I just got a good book on KG-200 and it has some great pics of captured Allied aircraft in German paint schemes.


----------



## jrk (Sep 1, 2005)

i bet that,ll be an interesting read daig


----------



## evangilder (Sep 2, 2005)

A good one for captured aircraft also is Strangers in a Strange Land. Some of the stories are a little incorrect, but the pictures are great. They also show the reclamation yards where they stored the pieces.


----------



## DerAdlerIstGelandet (Sep 3, 2005)

That would be interesting.


----------



## jrk (Sep 5, 2005)

very interesting.anything to do with aircraft is interesting to me.


----------



## DerAdlerIstGelandet (Sep 5, 2005)

Agreed. I like reading the stuff though that is more obscure like stuff like this rather than "This was the Hurricane, it had a top speed of....."


----------



## cheddar cheese (Sep 5, 2005)

Yeah obscurity is interesting. Its why I like the RA.


----------



## DerAdlerIstGelandet (Sep 5, 2005)

Agreed


----------



## HealzDevo (Nov 5, 2006)

Interesting. Any more to show us? I used to know a website with a lot of captured German equipment and it also featured some that the Allies had captured such as Me-109 in British Airforce colours.
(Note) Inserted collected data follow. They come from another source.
(* The deterministic greedy algorithm, which assigns each arriving item $i$ to a bidder $j$ maximizing the marginal value $f_j(S_j\cup\{i\})-f_j(S_j)$ (where $S_j$ is the set of items assigned to bidder $j$ so far) if this maximum marginal value is non-negative and discards $i$ otherwise, achieves a competitive ratio of approximately $0.27493$ (namely $\frac{1}{\sqrt5}\big(e^{-ax^*}-e^{-bx^*}\big)$ with $a=\frac{3-\sqrt5}{2}$, $b=\frac{3+\sqrt5}{2}$, $x^*=\frac{\ln(b/a)}{\sqrt5}$) for online Submodular Welfare in the random order setting with general (not necessarily monotone) non-negative submodular utilities; i.e., for every instance, the expected value (over the uniformly random arrival order) of the greedy allocation is at least this constant times the optimal offline value.
   Context: A set function $f:2^{\mathcal N}\to\mathbb R_{\ge 0}$ is submodular if $f(A\cup B)+f(A\cap B)\le f(A)+f(B)$ for all $A,B\subseteq\mathcal N$. Online Submodular Welfare: there are $n$ bidders, bidder $j$ having a non-negative submodular (not necessarily monotone) utility $f_j$ over a set $\mathcal N$ of $m$ items that arrive one by one. When an item arrives, the algorithm must immediately and irrevocably assign it to one bidder or discard it; the goal is to maximize $\sum_j f_j(S_j)$ where the sets $S_j$ of items assigned to the bidders are pairwise disjoint. The optimal offline value is $\max\{\sum_j f_j(O_j): O_1,\dots,O_n\subseteq\mathcal N\text{ pairwise disjoint}\}$. In the random order setting the items arrive in a uniformly random order. *)

theory Defs
  imports "HOL-Analysis.Analysis" "HOL-Combinatorics.Multiset_Permutations"
begin

definition submodular_on :: "'a set \<Rightarrow> ('a set \<Rightarrow> real) \<Rightarrow> bool" where
  "submodular_on N g \<longleftrightarrow>
     (\<forall>A B. A \<subseteq> N \<longrightarrow> B \<subseteq> N \<longrightarrow> g (A \<union> B) + g (A \<inter> B) \<le> g A + g B)"

definition marginal :: "(nat \<Rightarrow> 'a set \<Rightarrow> real) \<Rightarrow> (nat \<Rightarrow> 'a set) \<Rightarrow> nat \<Rightarrow> 'a \<Rightarrow> real" where
  "marginal f S j i = f j (S j \<union> {i}) - f j (S j)"

text \<open>A tie-breaking rule for the greedy algorithm (bidders are 0..<n).  It receives the
  list of items that arrived before, the current allocation and the arriving item, and
  returns Some j (assign to j) or None (discard).\<close>
definition greedy_rule ::
  "nat \<Rightarrow> (nat \<Rightarrow> 'a set \<Rightarrow> real) \<Rightarrow> ('a list \<Rightarrow> (nat \<Rightarrow> 'a set) \<Rightarrow> 'a \<Rightarrow> nat option) \<Rightarrow> bool" where
  "greedy_rule n f ch \<longleftrightarrow>
     (\<forall>pre S i.
        (ch pre S i = None \<longleftrightarrow> (\<forall>j<n. marginal f S j i < 0)) \<and>
        (\<forall>j. ch pre S i = Some j \<longrightarrow>
              j < n \<and> 0 \<le> marginal f S j i \<and> (\<forall>k<n. marginal f S k i \<le> marginal f S j i)))"

fun greedy_aux ::
  "('a list \<Rightarrow> (nat \<Rightarrow> 'a set) \<Rightarrow> 'a \<Rightarrow> nat option) \<Rightarrow> 'a list \<Rightarrow> (nat \<Rightarrow> 'a set) \<Rightarrow> 'a list
     \<Rightarrow> (nat \<Rightarrow> 'a set)" where
  "greedy_aux ch pre S [] = S"
| "greedy_aux ch pre S (i # xs) =
     greedy_aux ch (pre @ [i])
       (case ch pre S i of None \<Rightarrow> S | Some j \<Rightarrow> S(j := S j \<union> {i})) xs"

definition greedy_alloc ::
  "('a list \<Rightarrow> (nat \<Rightarrow> 'a set) \<Rightarrow> 'a \<Rightarrow> nat option) \<Rightarrow> 'a list \<Rightarrow> (nat \<Rightarrow> 'a set)" where
  "greedy_alloc ch xs = greedy_aux ch [] (\<lambda>_. {}) xs"

definition welfare :: "nat \<Rightarrow> (nat \<Rightarrow> 'a set \<Rightarrow> real) \<Rightarrow> (nat \<Rightarrow> 'a set) \<Rightarrow> real" where
  "welfare n f S = (\<Sum>j<n. f j (S j))"

definition expected_greedy ::
  "'a set \<Rightarrow> nat \<Rightarrow> (nat \<Rightarrow> 'a set \<Rightarrow> real) \<Rightarrow> ('a list \<Rightarrow> (nat \<Rightarrow> 'a set) \<Rightarrow> 'a \<Rightarrow> nat option) \<Rightarrow> real" where
  "expected_greedy N n f ch =
     (\<Sum>xs\<in>permutations_of_set N. welfare n f (greedy_alloc ch xs))
       / real (card (permutations_of_set N))"

definition greedy_ratio :: real where
  "greedy_ratio =
     (let a = (3 - sqrt 5) / 2; b = (3 + sqrt 5) / 2; x = ln (b / a) / sqrt 5
      in (exp (- a * x) - exp (- b * x)) / sqrt 5)"

end

(* Let k items have arrived, in a uniformly random order, let W be the welfare of the greedy
   allocation and H the welfare of the hybrid allocation that gives every bidder j its greedy
   items together with the items of its optimal set that are still to come.  For the next
   item, uniform among the m - k remaining ones, greedy maximality and submodularity give
   E[W'] - W >= (H - W) / (m - k) and E[H'] - H >= - (E[W'] - W) - H / (m - k).  Hence the
   averages w k = E W and v k = E (W + H) satisfy

     w (k+1) >= w k + (v k - 2 w k) / (m - k),     v (k+1) >= v k + (w k - v k) / (m - k),

   with w 0 >= 0, v 0 = w 0 + OPT and w non-decreasing.  Solving these linear recurrences
   up to a time m - l gives sqrt 5 * w m >= (P_a - P_b) * OPT, where
   P_c = prod (1 - c / r) over l < r <= m behaves like (l / m)^c.  Stopping at l ~ t m,
   where t = e^-x* maximises t^a - t^b, and bounding the products by explicit powers yields
   the ratio; small m are checked numerically. *)

theory Submission
  imports Defs
begin

section \<open>Submodular functions\<close>

lemma submodular_on_marginal_antimono:
  assumes sm: "submodular_on N g" and "A \<subseteq> B" "B \<subseteq> N" "i \<in> N" "i \<notin> B"
  shows "g (B \<union> {i}) - g B \<le> g (A \<union> {i}) - g A"
proof -
  have "A \<union> {i} \<subseteq> N" using assms by auto
  then have "g ((A \<union> {i}) \<union> B) + g ((A \<union> {i}) \<inter> B) \<le> g (A \<union> {i}) + g B"
    using sm assms unfolding submodular_on_def by blast
  moreover have "(A \<union> {i}) \<union> B = B \<union> {i}" "(A \<union> {i}) \<inter> B = A" using assms by auto
  ultimately show ?thesis by simp
qed

lemma submodular_on_diff_le_sum_marginals:
  assumes sm: "submodular_on N g" and "finite X" "X \<subseteq> N" "S \<subseteq> N" "X \<inter> S = {}"
  shows "g (S \<union> X) - g S \<le> (\<Sum>i\<in>X. g (S \<union> {i}) - g S)"
  using assms(2-5)
proof (induction X rule: finite_induct)
  case empty
  then show ?case by simp
next
  case (insert x X)
  have "g (S \<union> X \<union> {x}) - g (S \<union> X) \<le> g (S \<union> {x}) - g S"
    using submodular_on_marginal_antimono[OF sm, of S "S \<union> X" x] insert by auto
  moreover have "S \<union> insert x X = S \<union> X \<union> {x}" by auto
  ultimately show ?case using insert by simp
qed

lemma submodular_on_neg_le_sum_marginals:
  assumes sm: "submodular_on N g" and nonneg: "\<And>A. A \<subseteq> N \<Longrightarrow> 0 \<le> g A"
    and "finite X" "X \<subseteq> N" "S \<subseteq> N" "X \<inter> S = {}"
  shows "- g S \<le> (\<Sum>i\<in>X. g (S \<union> {i}) - g S)"
proof -
  have "g (S \<union> X) - g S \<le> (\<Sum>i\<in>X. g (S \<union> {i}) - g S)"
    using submodular_on_diff_le_sum_marginals[OF sm] assms(3-6) .
  moreover have "0 \<le> g (S \<union> X)" using nonneg assms(4,5) by simp
  ultimately show ?thesis by linarith
qed

lemma sum_disjoint_parts_le:
  fixes h :: "'a \<Rightarrow> real" and n :: nat
  assumes "finite R" "\<And>i. i \<in> R \<Longrightarrow> 0 \<le> h i"
    and "\<forall>j<n. \<forall>k<n. j \<noteq> k \<longrightarrow> P j \<inter> P k = {}"
  shows "(\<Sum>j<n. \<Sum>i\<in>P j \<inter> R. h i) \<le> (\<Sum>i\<in>R. h i)"
proof -
  have "(\<Sum>j<n. \<Sum>i\<in>P j \<inter> R. h i) = (\<Sum>i\<in>(\<Union>j<n. P j \<inter> R). h i)"
    by (rule sum.UNION_disjoint[symmetric]) (use assms in auto)
  also have "\<dots> \<le> (\<Sum>i\<in>R. h i)"
    by (rule sum_mono2) (use assms in auto)
  finally show ?thesis .
qed

section \<open>Greedy runs and random prefixes\<close>

definition assign :: "(nat \<Rightarrow> 'a set) \<Rightarrow> nat option \<Rightarrow> 'a \<Rightarrow> nat \<Rightarrow> 'a set" where
  "assign S c i = (case c of None \<Rightarrow> S | Some j \<Rightarrow> S(j := S j \<union> {i}))"

lemma greedy_aux_snoc:
  "greedy_aux ch pre S (xs @ [i]) =
     (let S' = greedy_aux ch pre S xs in assign S' (ch (pre @ xs) S' i) i)"
  by (induction xs arbitrary: pre S) (simp_all add: assign_def Let_def)

lemma greedy_alloc_Nil: "greedy_alloc ch [] = (\<lambda>_. {})"
  by (simp add: greedy_alloc_def)

lemma greedy_alloc_snoc:
  "greedy_alloc ch (xs @ [i]) = assign (greedy_alloc ch xs) (ch xs (greedy_alloc ch xs) i) i"
  by (simp add: greedy_alloc_def greedy_aux_snoc Let_def)

lemma greedy_alloc_subset: "greedy_alloc ch xs j \<subseteq> set xs"
  by (induction xs rule: rev_induct)
     (auto simp: greedy_alloc_snoc assign_def greedy_alloc_Nil split: option.splits)

definition prefixes :: "'a set \<Rightarrow> nat \<Rightarrow> 'a list set" where
  "prefixes N k = {p. length p = k \<and> distinct p \<and> set p \<subseteq> N}"

lemma prefixes_0: "prefixes N 0 = {[]}"
  by (auto simp: prefixes_def)

lemma finite_prefixes: "finite N \<Longrightarrow> finite (prefixes N k)"
  by (rule finite_subset[OF _ finite_lists_length_eq[of N k]]) (auto simp: prefixes_def)

lemma prefixes_Suc: "prefixes N (Suc k) = (\<lambda>(p, i). p @ [i]) ` (SIGMA p:prefixes N k. N - set p)"
proof
  show "prefixes N (Suc k) \<subseteq> (\<lambda>(p, i). p @ [i]) ` (SIGMA p:prefixes N k. N - set p)"
  proof
    fix q assume "q \<in> prefixes N (Suc k)"
    then obtain y ys where q: "q = ys @ [y]" "length ys = k" "distinct q" "set q \<subseteq> N"
      by (auto simp: prefixes_def length_Suc_conv_rev)
    then have "(ys, y) \<in> (SIGMA p:prefixes N k. N - set p)" by (auto simp: prefixes_def)
    then show "q \<in> (\<lambda>(p, i). p @ [i]) ` (SIGMA p:prefixes N k. N - set p)"
      using q(1) by (auto intro!: image_eqI[where x = "(ys, y)"])
  qed
  show "(\<lambda>(p, i). p @ [i]) ` (SIGMA p:prefixes N k. N - set p) \<subseteq> prefixes N (Suc k)"
    by (auto simp: prefixes_def)
qed

lemma sum_prefixes_Suc:
  assumes "finite N"
  shows "(\<Sum>q\<in>prefixes N (Suc k). \<phi> q) = (\<Sum>p\<in>prefixes N k. \<Sum>i\<in>N - set p. \<phi> (p @ [i]))"
proof -
  have "inj_on (\<lambda>(p, i). p @ [i]) X" for X :: "('a list \<times> 'a) set"
    by (rule inj_onI) auto
  then have "(\<Sum>q\<in>prefixes N (Suc k). \<phi> q)
      = (\<Sum>x\<in>(SIGMA p:prefixes N k. N - set p). \<phi> ((\<lambda>(p, i). p @ [i]) x))"
    unfolding prefixes_Suc by (subst sum.reindex) (simp_all add: comp_def)
  also have "\<dots> = (\<Sum>p\<in>prefixes N k. \<Sum>i\<in>N - set p. \<phi> (p @ [i]))"
    by (subst sum.Sigma) (use assms finite_prefixes in \<open>auto simp: case_prod_beta\<close>)
  finally show ?thesis .
qed

lemma card_remaining: "finite N \<Longrightarrow> p \<in> prefixes N k \<Longrightarrow> card (N - set p) = card N - k"
  by (simp add: prefixes_def card_Diff_subset distinct_card)
lemma exists_word: "supported n v \<Longrightarrow> \<exists>w\<in>lists {..<n}. fst (eval_word n op w) = v"
proof (induction "\<Sum>i<n. v i" arbitrary: v)
  case 0
  then have "v = fst (eval_word n op [])"
    by (auto simp: supported_def mon_one_def fun_eq_iff not_less[symmetric])
  then show ?case
    by blast
next
  case (Suc k)
  then obtain s where s: "s < n" "v s \<ge> 1"
    by (metis lessThan_iff less_one not_le sum_eq_0_iff finite_lessThan nat.distinct(1))
  moreover have "k = (\<Sum>i<n. left_quotient s v i)"
    using Suc.hyps(2) sum_left_quotient[of s v] s by simp
  ultimately obtain x where "x \<in> lists {..<n}" "fst (eval_word n op x) = left_quotient s v"
    using Suc.hyps(1) supported_left_quotient Suc.prems by blast
  then show ?case
    using s fst_eval_word_Cons_eq_iff by (metis Cons_in_lists_iff lessThan_iff)
qed

lemma exists_word_Cons:
  "s < n \<Longrightarrow> supported n v \<Longrightarrow> v s \<ge> 1 \<Longrightarrow> \<exists>x\<in>lists {..<n}. fst (eval_word n op (s # x)) = v"
  using exists_word[OF supported_left_quotient] fst_eval_word_Cons_eq_iff by blast

lemma fst_eval_word_Cons_cancel:
  assumes "s < n" "fst (eval_word n op (s # x)) = fst (eval_word n op (s # y))"
  shows "fst (eval_word n op x) = fst (eval_word n op y)"
proof -
  let ?v = "fst (eval_word n op (s # y))"
  have "?v s \<ge> 1"
    by (simp add: fst_eval_word_Cons unit_fun_def)
  note quotient = fst_eval_word_Cons_eq_iff[of s ?v, OF assms(1) this, THEN iffD1]
  show ?thesis
    using quotient[OF assms(2)] quotient[OF refl] by (rule trans[OF _ sym])
qed

lemma length_eq_if_fst_eval_word_eq:
  assumes "w1 \<in> lists {..<n}" "w2 \<in> lists {..<n}" "fst (eval_word n op w1) = fst (eval_word n op w2)"
  shows "length w1 = length w2"
  using sum_eval_word[OF assms(1)] sum_eval_word[OF assms(2)] assms(3) by simp

lemma exists_word_Cons_Cons:
  assumes "s # x1 \<in> lists {..<n}" "t # x2 \<in> lists {..<n}" "s \<noteq> t"
    and "fst (eval_word n op (s # x1)) = fst (eval_word n op (t # x2))"
  obtains y where "y \<in> lists {..<n}" "fst (eval_word n op (s # op s t # y)) = fst (eval_word n op (s # x1))"
proof -
  let ?v = "fst (eval_word n op (s # x1))"
  have st: "s < n" "t < n"
    using assms(1,2) by simp_all
  have "?v t \<ge> 1"
    unfolding assms(4) by (simp add: fst_eval_word_Cons unit_fun_def)
  have x1: "x1 \<in> lists {..<n}"
    using assms(1) by simp
  have "fst (eval_word n op x1) (op s t) = ?v t"
    using st assms(3) by (simp add: fst_eval_word_Cons unit_fun_def id_outside_def)
  then obtain y where "y \<in> lists {..<n}" "fst (eval_word n op (op s t # y)) = fst (eval_word n op x1)"
    using exists_word_Cons[OF op_less[OF st] eval_word_supported[OF x1]] \<open>?v t \<ge> 1\<close> by force
  then show ?thesis
    using that fst_eval_word_Cons_cong by blast
qed

lemma eval_word_cycle_relation:
  assumes "s < n" "t < n"
  shows "eval_word n op (s # op s t # x) = eval_word n op (t # op t s # x)"
proof -
  have perm_cycle_law: "perm (op s t) \<circ> perm s = perm (op t s) \<circ> perm t"
    using assms op_less op_cycle_law by (auto simp: id_outside_def fun_eq_iff)
  have "perm s t = op s t" "perm t s = op t s"
    using assms by (simp_all add: id_outside_def)
  then have "unit_fun (op s t) (perm s i) = unit_fun t i" "unit_fun (op t s) (perm t i) = unit_fun s i" for i
    using unit_fun_inj permutes_inj[OF perm_permutes] assms by metis+
  then show ?thesis
    using perm_cycle_law
    by (simp add: fst_eval_word_Cons snd_eval_word_Cons prod_eq_iff fun_eq_iff comp_assoc)
qed

text \<open>Two words with the same exponents either start with the same letter, which cancels, or
  with distinct letters \<open>s, t\<close>; then both can be continued from the two sides of the defining
  relation \<open>s (s * t) = t (t * s)\<close> of the structure monoid.\<close>

lemma eval_word_eq_Cons_step:
  assumes IH: "\<And>x y. x \<in> lists {..<n} \<Longrightarrow> y \<in> lists {..<n} \<Longrightarrow> length x < k \<Longrightarrow>
      fst (eval_word n op x) = fst (eval_word n op y) \<Longrightarrow> eval_word n op x = eval_word n op y"
    and w: "s # x1 \<in> lists {..<n}" "t # x2 \<in> lists {..<n}" "length x1 < k" "length x2 < k"
    and eq: "fst (eval_word n op (s # x1)) = fst (eval_word n op (t # x2))"
  shows "eval_word n op (s # x1) = eval_word n op (t # x2)"
proof -
  have cancel: "eval_word n op (r # x) = eval_word n op (r # y)"
    if "r # x \<in> lists {..<n}" "r # y \<in> lists {..<n}" "length x < k"
      and "fst (eval_word n op (r # x)) = fst (eval_word n op (r # y))" for r x y
  proof -
    have "r < n" "x \<in> lists {..<n}" "y \<in> lists {..<n}"
      using that(1,2) by simp_all
    moreover have "fst (eval_word n op x) = fst (eval_word n op y)"
      using fst_eval_word_Cons_cancel \<open>r < n\<close> that(4) .
    ultimately have "eval_word n op x = eval_word n op y"
      using IH that(3) by blast
    then show ?thesis
      by (rule eval_word_Cons_cong)
  qed
  show ?thesis
  proof (cases "s = t")
    case True
    then show ?thesis
      using cancel w eq by simp
  next
    case False
    have st: "s < n" "t < n"
      using w by simp_all
    obtain y where y: "y \<in> lists {..<n}" "fst (eval_word n op (s # op s t # y)) = fst (eval_word n op (s # x1))"
      using exists_word_Cons_Cons[OF w(1,2) False eq] by blast
    have "eval_word n op (s # x1) = eval_word n op (s # op s t # y)"
      by (rule cancel) (use w y st op_less in auto)
    also have "\<dots> = eval_word n op (t # op t s # y)"
      by (rule eval_word_cycle_relation[OF st])
    also have "\<dots> = eval_word n op (t # x2)"
      by (rule sym, rule cancel) (use w y eq st op_less eval_word_cycle_relation[OF st] in auto)
    finally show ?thesis .
  qed
qed

lemma eval_word_eqI:
  assumes "w1 \<in> lists {..<n}" "w2 \<in> lists {..<n}" "fst (eval_word n op w1) = fst (eval_word n op w2)"
  shows "eval_word n op w1 = eval_word n op w2"
  using assms
proof (induction "length w1" arbitrary: w1 w2 rule: less_induct)
  case less
  have length_eq: "length w1 = length w2"
    using length_eq_if_fst_eval_word_eq less.prems .
  show ?case
  proof (cases w1)
    case Nil
    then show ?thesis
      using length_eq by simp
  next
    case (Cons s x1)
    then obtain t x2 where w2: "w2 = t # x2"
      using length_eq by (cases w2) auto
    show ?thesis
      unfolding Cons w2
    proof (rule eval_word_eq_Cons_step[where k = "length w1"])
      show "eval_word n op x = eval_word n op y"
        if "x \<in> lists {..<n}" "y \<in> lists {..<n}" "length x < length w1"
          and "fst (eval_word n op x) = fst (eval_word n op y)" for x y
        using less.hyps[OF that(3)] that(1,2,4) by blast
    qed (use less.prems Cons w2 length_eq in auto)
  qed
qed

lemma T_less: "s < n \<Longrightarrow> cs_T op s < n"
  by (simp add: cs_T_def op_less)

lemma psik_bij: "s < n \<Longrightarrow> bij_betw (cs_psik op k s) {..<n} {..<n}"
proof (induction k arbitrary: s)
  case (Suc k)
  then show ?case
    using bij_betw_trans[OF op_bij Suc.IH[OF T_less]] by (simp add: cs_psi_def comp_def)
qed (simp add: bij_betw_def)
I think that was shown from memory captured in the Battle of Britain.


----------



## R-2800 (Nov 6, 2006)

I have a great book it's called strangers in a strange land by squdron/signal publications it follows the story of Allied planes from when they were shot down to when they used them in the luftwaffe or recycled them


----------



## Joe2 (Nov 9, 2006)

Its not got much to do with aircraft as a such, but the amount of pictures you see of Matilda IIs in german colours and the amount of russian tanks in Finnish colours is amazing


----------



## ndicki (Nov 14, 2006)

DerAdlerIstGelandet said:


> I just got a good book on KG-200 and it has some great pics of captured Allied aircraft in German paint schemes.



Adler, if you could scan me a couple of (decent) pics of Dornier Do200s, I'd be grateful!


----------



## DerAdlerIstGelandet (Nov 14, 2006)

Sure I can scan some pics of some captured B-17s. What kind of pics are you looking for. There are plenty in this book and I dont want to scan all of them.


----------



## HealzDevo (Nov 26, 2006)

I will need to go looking to try to remember the site that some of mine came from... I can't remember. Too long ago.


----------